S3A and Checksums (Advanced Feature)

The S3A connector can be configured to export the HTTP etag of an object as a checksum, by setting the option fs.s3a.etag.checksum.enabled to true. When unset (the defaut), S3A objects have no checksum.

$ hadoop fs -touchz s3a://hwdev-bucket/src/something.txt
$ hadoop fs -checksum s3a://hwdev-bucket/src/something.txt
s3a://hwdev-bucket/src/something.txt NONE

Once set, S3A objects have a checksum which is created on upload.

$ hadoop fs -Dfs.s3a.etag.checksum.enabled=true -checksum s3a://hwdev-bucket/src/something.txt
s3a://hwdev-bucket/src/something.txt etag 6434316438636439386630306232303465393830303939386563663834323765

This checksum is not compatible with that or HDFS, so cannot be used to compare file versions when using the -update option on DistCp between S3 and HDFS. More specifically, unless -skipcrccheck is set, the DistCP operation will fail with a checksum mismatch. However, it can be used for incremental updates within and across S3A buckets.

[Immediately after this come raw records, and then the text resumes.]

(* Let $T$ be either the Giry monad $P$ or the subprobability monad $M$ on $\mathbf{Meas}$, and let $\theta_Y:DY\to TY$ be the equalizer of $\eta_{TY},T\eta_Y:TY\to TTY$. Then $D$ is an idempotent submonad of $T$, and for all measurable spaces $X,Y$ a Kleisli morphism (Markov kernel) $f:X\rightsquigarrow Y$ is deterministic if and only if $f^\sharp:X\to TY$ factors through $\theta_Y$; i.e. the Kleisli morphisms of $D$ are exactly the deterministic morphisms of $\mathsf{Kl}(T)$.
   Context: $PX$: probability measures on $X$ with the coarsest $\sigma$-algebra making $p\mapsto p(A)$ measurable; $\eta_X(x)=\delta_x$; $\mu_X(\rho)(A)=\int_{PX}p(A)\,\rho(dp)$; monoidal structure given by product measures. $M$ is analogous for subprobability measures. $\mathsf{Kl}(T)$: morphisms $f:X\rightsquigarrow Y$ correspond to measurable $f^\sharp:X\to TY$, composition $(g\circledcirc f)^\sharp=\mu\circ T(g^\sharp)\circ f^\sharp$, tensor $\otimes$ equal to $\times$ on objects with $(f\otimes g)^\sharp$ the product kernel. $\mathsf{copy}_X^\sharp(x)=\delta_{(x,x)}$, $\mathsf{del}_X^\sharp=\eta\circ!_X$. $f$ is deterministic if $\mathsf{copy}_Y\circledcirc f=(f\otimes f)\circledcirc\mathsf{copy}_X$ and $\mathsf{del}_Y\circledcirc f=\mathsf{del}_X$. The monad $D$: $Dg$ is the unique map with $\theta_Z\circ Dg=Tg\circ\theta_Y$, unit $e_X$ the unique map with $\theta_X\circ e_X=\eta_X$, multiplication $m_X$ the unique map with $\theta_X\circ m_X=\mu_X\circ T\theta_X\circ\theta_{DX}$; idempotent means its multiplication is an isomorphism. *)

theory Defs
  imports "HOL-Probability.Probability"
begin

datatype giry_kind = Giry | Subprob

definition Tm :: "giry_kind \<Rightarrow> 'a measure \<Rightarrow> 'a measure measure" where
  "Tm k X = (case k of Giry \<Rightarrow> prob_algebra X | Subprob \<Rightarrow> subprob_algebra X)"

text \<open>T on morphisms is pushforward: T g p = distr p Y g.  The unit is return.
  The multiplication, as in the paper: mu_X(rho)(A) = integral of p(A) d rho(p).\<close>
definition mu :: "'a measure \<Rightarrow> 'a measure measure \<Rightarrow> 'a measure" where
  "mu X \<rho> = measure_of (space X) (sets X) (\<lambda>A. \<integral>\<^sup>+ p. emeasure p A \<partial>\<rho>)"

text \<open>The equalizer theta_Y : DY \<rightarrow> TY of eta_{TY} and T eta_Y in Meas:
  the subset of TY on which the two maps agree, with the subspace sigma-algebra;
  theta_Y is the inclusion.\<close>
definition Dsp :: "giry_kind \<Rightarrow> 'a measure \<Rightarrow> 'a measure measure" where
  "Dsp k Y = restrict_space (Tm k Y)
     {p \<in> space (Tm k Y). return (Tm k Y) p = distr p (Tm k Y) (return Y)}"

definition theta :: "'a measure \<Rightarrow> 'a measure" where
  "theta p = p"

text \<open>The multiplication m_X of D (determined by theta_X o m_X = mu_X o T theta_X o theta_{DX}).\<close>
definition Dmult :: "giry_kind \<Rightarrow> 'a measure \<Rightarrow> 'a measure measure \<Rightarrow> 'a measure" where
  "Dmult k X \<rho> = mu X (distr (theta \<rho>) (Tm k X) theta)"

text \<open>Kleisli category Kl(T): a morphism X \<leadsto> Y is a measurable f : X \<rightarrow> TY.\<close>
definition kcomp :: "giry_kind \<Rightarrow> 'c measure \<Rightarrow> ('b \<Rightarrow> 'c measure) \<Rightarrow> ('a \<Rightarrow> 'b measure) \<Rightarrow> 'a \<Rightarrow> 'c measure" where
  "kcomp k Z g f = (\<lambda>x. mu Z (distr (f x) (Tm k Z) g))"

$ hadoop distcp -Dfs.s3a.etag.checksum.enabled=true --update s3a://hwdev-bucket/src s3a://hwdev-bucket/dest

$ hadoop fs -Dfs.s3a.etag.checksum.enabled=true -checksum s3a://hwdev-bucket/dest/something.txt
s3a://hwdev-bucket/src/something.txt etag 6434316438636439386630306232303465393830303939386563663834323765
      

As the checksums match small files created as a single block, incremental updates will not copy unchanged files. For large files uploaded using multiple blocks, the checksum values may differ in which case the source file will be copied again.